lemma Lnore_eq_sylvester_op:
  assumes "hermitian H"
  shows "Lnore H J = sylvester_op (Lnore_factor H J) (cadj (Lnore_factor H J))"
proof -
  have cadj_factor: "cadj (Lnore_factor H J) = csmult \<i> H - tensor (mat 1) (VC J)"
    using assms
    by (simp add: Lnore_factor_def hermitian_def cadj_diff cadj_csmult cadj_tensor cadj_VC)
  show ?thesis
    unfolding cadj_factor
    by (intro ext) (simp add: Lnore_def sylvester_op_def Lnore_factor_def matrix_diff_ldistrib
        matrix_diff_rdistrib csmult_mult_left csmult_mult_right csmult_diff csmult_uminus
        uminus_matrix_mult)
qed

lemma bounded_linear_Lnore: "hermitian H \<Longrightarrow> bounded_linear (Lnore H J)"
  by (simp add: Lnore_eq_sylvester_op bounded_linear_sylvester_op)

lemma psd_superop_exp_Lnore: "hermitian H \<Longrightarrow> psd X \<Longrightarrow> psd (superop_exp t (Lnore H J) X)"
  by (simp add: Lnore_eq_sylvester_op superop_exp_sylvester_op psd_congruence flip: cadj_mexp)

lemma trace_Lnore: "trace (Lnore H J Z) = - 2 * trace (tensor (mat 1) (VC J) ** Z)"
  by (simp add: Lnore_def trace_csmult trace_sub trace_add trace_mul_sym[of Z])

lemma trace_superop_exp_Lnore_le:
  assumes H: "hermitian H" and X: "psd X" and t: "0 \<le> t"
  shows "Re (trace (superop_exp t (Lnore H J) X)) \<le> Re (trace X)"
proof -
  have "expval (mat 1) (superop_exp t (Lnore H J) X) \<le> expval (mat 1) (superop_exp 0 (Lnore H J) X)"
  proof (rule DERIV_nonpos_imp_nonincreasing[OF t])
    fix s :: real
    have "expval (mat 1) (Lnore H J (superop_exp s (Lnore H J) X))
        = - 2 * expval (tensor (mat 1) (VC J)) (superop_exp s (Lnore H J) X)"
      by (simp add: expval_def trace_Lnore)
    also have "\<dots> \<le> 0"
      using expval_psd_nonneg[OF psd_tensor[OF psd_mat1 psd_VC] psd_superop_exp_Lnore[OF H X]] by simp
    finally show "\<exists>y. ((\<lambda>s. expval (mat 1) (superop_exp s (Lnore H J) X)) has_real_derivative y) (at s)
        \<and> y \<le> 0"
      using superop_exp_functional_has_derivative[OF bounded_linear_Lnore[OF H] bounded_linear_expval]
      by blast
  qed
  then show ?thesis by (simp add: expval_def superop_exp_0)
qed

lemma subdensity_superop_exp_Lnore:
  assumes "hermitian H" "subdensity X" "0 \<le> t"
  shows "subdensity (superop_exp t (Lnore H J) X)"
proof -
  have X: "psd X" "Re (trace X) \<le> 1" using assms(2) by (simp_all add: subdensity_def)
  show ?thesis
    using psd_superop_exp_Lnore[OF assms(1) X(1), where J = J]
      order_trans[OF trace_superop_exp_Lnore_le[OF assms(1) X(1) assms(3), where J = J] X(2)]
    by (simp add: subdensity_def)
qed

lemma continuous_on_expval_superop_exp_Lnore:
  assumes "hermitian H"
  shows "continuous_on S (\<lambda>t. expval P (superop_exp t (Lnore H J) X))"
  by (rule continuous_at_imp_continuous_on, intro ballI DERIV_isCont)
    (rule superop_exp_functional_has_derivative[OF bounded_linear_Lnore[OF assms] bounded_linear_expval])

lemma psd_Dre: "psd X \<Longrightarrow> psd (Dre J X)"
  unfolding Dre_def by (auto intro!: psd_sum psd_congruence)

text \<open>A renewed state has trace 1, or is the zero matrix (division by zero) if the jump
  had probability zero.\<close>

lemma subdensity_rho_ren:
  assumes "hermitian H" "density rhoS0" "density rho0"
  shows "subdensity (rho_ren H J rhoS0 rho0 tau l)"
proof (induction l)
  case 0
  show ?case using assms by (simp add: subdensity_def density_def psd_tensor trace_tensor)
next
  case (Suc l)
  define Y where "Y = Dre J (superop_exp (tau (Suc l) - tau l) (Lnore H J) (rho_ren H J rhoS0 rho0 tau l))"
  have Y: "psd Y"
    using Suc assms(1) by (auto simp: Y_def subdensity_def intro!: psd_Dre psd_superop_exp_Lnore)
  obtain y where y: "trace Y = of_real y" "0 \<le> y" using psd_trace[OF Y] by blast
  have "psd (csmult (of_real (1 / y)) Y)"
    using y(2) by (intro psd_csmult Y) simp
  moreover have "Re (trace (csmult (of_real (1 / y)) Y)) \<le> 1"
    using y by (cases "y = 0") (simp_all add: trace_csmult)
  moreover have "rho_ren H J rhoS0 rho0 tau (Suc l) = csmult (of_real (1 / y)) Y"
    by (simp add: Y_def[symmetric] Let_def y)
  ultimately show ?case by (simp add: subdensity_def)
qed

lemma trace_Dre:
  fixes Z :: "('s::finite \<times> 'c::finite) cmat"
  shows "trace (Dre J Z) = trace (tensor (mat 1 :: 's cmat) (csmult 2 (VC J)) ** Z)"
proof -
  have "trace (tensor (mat 1) (J j) ** Z ** cadj (tensor (mat 1 :: 's cmat) (J j)))
      = trace (tensor (mat 1) (cadj (J j) ** J j) ** Z)" for j
  proof -
    have "trace (tensor (mat 1) (J j) ** Z ** cadj (tensor (mat 1 :: 's cmat) (J j)))
        = trace (cadj (tensor (mat 1 :: 's cmat) (J j)) ** tensor (mat 1) (J j) ** Z)"
      by (simp add: trace_mul_sym[of _ "cadj _"] matrix_mul_assoc)
    then show ?thesis by (simp add: cadj_tensor tensor_mult)
  qed
  then have "trace (Dre J Z) = trace (tensor (mat 1 :: 's cmat) (\<Sum>j\<in>UNIV. cadj (J j) ** J j) ** Z)"
    by (simp add: Dre_def trace_sum matrix_sum_mult_left tensor_sum_right)
  then show ?thesis by (simp add: VC_def csmult_csmult)
qed

subsection \<open>Spectral decomposition of V_C\<close>

lemma sum_ketbra_orthonormal:
  fixes vv :: "'c::finite \<Rightarrow> complex^'c"
  assumes "\<forall>i j. cinner (vv i) (vv j) = (if i = j then 1 else 0)"
  shows "(\<Sum>j\<in>UNIV. ketbra (vv j) (vv j)) = mat 1"
proof -
  define U :: "'c cmat" where "U = (\<chi> i j. vv j $ i)"
  have "cadj U ** U = mat 1"
    using assms by (simp add: U_def cadj_def matrix_matrix_mult_def cinner_def mat_def vec_eq_iff)
  then have "U ** cadj U = mat 1" by (simp add: matrix_left_right_inverse)
  moreover have "U ** cadj U = (\<Sum>j\<in>UNIV. ketbra (vv j) (vv j))"
    by (simp add: U_def cadj_def matrix_matrix_mult_def ketbra_def vec_eq_iff sum_component)
  ultimately show ?thesis by simp
qed

lemma opnorm_nonneg: "0 \<le> opnorm M"
  unfolding opnorm_def by (rule onorm_pos_le[OF matrix_vector_mul_bounded_linear])

lemma eigenvalue_le_opnorm:
  assumes "M *v x = r *\<^sub>R x" "norm x = 1"
  shows "r \<le> opnorm M"
proof -
  have "norm (M *v x) \<le> opnorm M * norm x"
    unfolding opnorm_def by (rule onorm[OF matrix_vector_mul_bounded_linear])
  with assms show ?thesis by simp
qed

context
  fixes vv :: "'c::finite \<Rightarrow> complex^'c" and v :: "'c \<Rightarrow> real" and J :: "'k::finite \<Rightarrow> 'c cmat"
  assumes spec_onb: "\<forall>i j. cinner (vv i) (vv j) = (if i = j then 1 else 0)"
    and spec_dec: "VC J = (\<Sum>j\<in>UNIV. csmult (complex_of_real (v j)) (ketbra (vv j) (vv j)))"
begin

lemma spectral_value_le_opnorm: "v j \<le> opnorm (VC J)"
proof (rule eigenvalue_le_opnorm)
  have "VC J *v vv j = (\<Sum>k\<in>UNIV. (complex_of_real (v k) * cinner (vv k) (vv j)) *s vv k)"
    by (simp add: spec_dec sum_matrix_vector_mult csmult_matrix_vector_mult ketbra_matrix_vector_mult
        vector_smult_assoc)
  also have "\<dots> = (\<Sum>k\<in>UNIV. if k = j then complex_of_real (v j) *s vv j else 0)"
    by (rule sum.cong) (auto simp: spec_onb)
  also have "\<dots> = complex_of_real (v j) *s vv j"
    by simp
  finally show "VC J *v vv j = v j *\<^sub>R vv j"
    by (simp only: vec_eq_iff vector_scaleR_component vector_smult_component)
      (simp add: scaleR_conv_of_real)
  have "complex_of_real ((norm (vv j))\<^sup>2) = cinner (vv j) (vv j)"
    by (rule cinner_self[symmetric])
  also have "\<dots> = 1" using spec_onb by simp
  finally have "(norm (vv j))\<^sup>2 = 1\<^sup>2" by (simp only: of_real_eq_1_iff power_one)
  then show "norm (vv j) = 1" by (rule power2_eq_imp_eq) simp_all
qed

lemma trace_Dre_spectral:
  fixes X :: "('s::finite \<times> 'c) cmat"
  shows "Re (trace (Dre J X)) = 2 * (\<Sum>j\<in>UNIV. v j * expval (tensor (mat 1 :: 's cmat) (ketbra (vv j) (vv j))) X)"
  by (simp add: trace_Dre tensor_csmult_right spec_dec tensor_sum_right csmult_sum csmult_csmult
      csmult_mult_left matrix_sum_mult_left trace_sum trace_csmult expval_def Re_sum sum_distrib_left
      mult.assoc)

lemma sum_expval_spectral_projections:
  fixes X :: "('s::finite \<times> 'c) cmat"
  shows "(\<Sum>j\<in>UNIV. expval (tensor (mat 1 :: 's cmat) (ketbra (vv j) (vv j))) X) = Re (trace X)"
proof -
  have "(\<Sum>j\<in>UNIV. expval (tensor (mat 1 :: 's cmat) (ketbra (vv j) (vv j))) X)
      = Re (trace ((\<Sum>j\<in>UNIV. tensor (mat 1 :: 's cmat) (ketbra (vv j) (vv j))) ** X))"
    by (simp add: expval_def Re_sum trace_sum matrix_sum_mult_left)
  also have "(\<Sum>j\<in>UNIV. tensor (mat 1 :: 's cmat) (ketbra (vv j) (vv j))) = mat 1"
    by (simp add: tensor_mat1 sum_ketbra_orthonormal[OF spec_onb] flip: tensor_sum_right)
  finally show ?thesis by simp
qed

end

* **TASK BRIEF**
Would you please repeat exactly the lines above, starting at the line with "then show ?thesis by (simp add: expval_def" and stopping at the line with "using psd_superop_exp_Lnore[OF assms(1)", both included?

* **SOLVED PROBLEM**
  then show ?thesis by (simp add: expval_def superop_exp_0)
qed

lemma subdensity_superop_exp_Lnore:
  assumes "hermitian H" "subdensity X" "0 \<le> t"
  shows "subdensity (superop_exp t (Lnore H J) X)"
proof -
  have X: "psd X" "Re (trace X) \<le> 1" using assms(2) by (simp_all add: subdensity_def)
  show ?thesis
    using psd_superop_exp_Lnore[OF assms(1) X(1), where J = J]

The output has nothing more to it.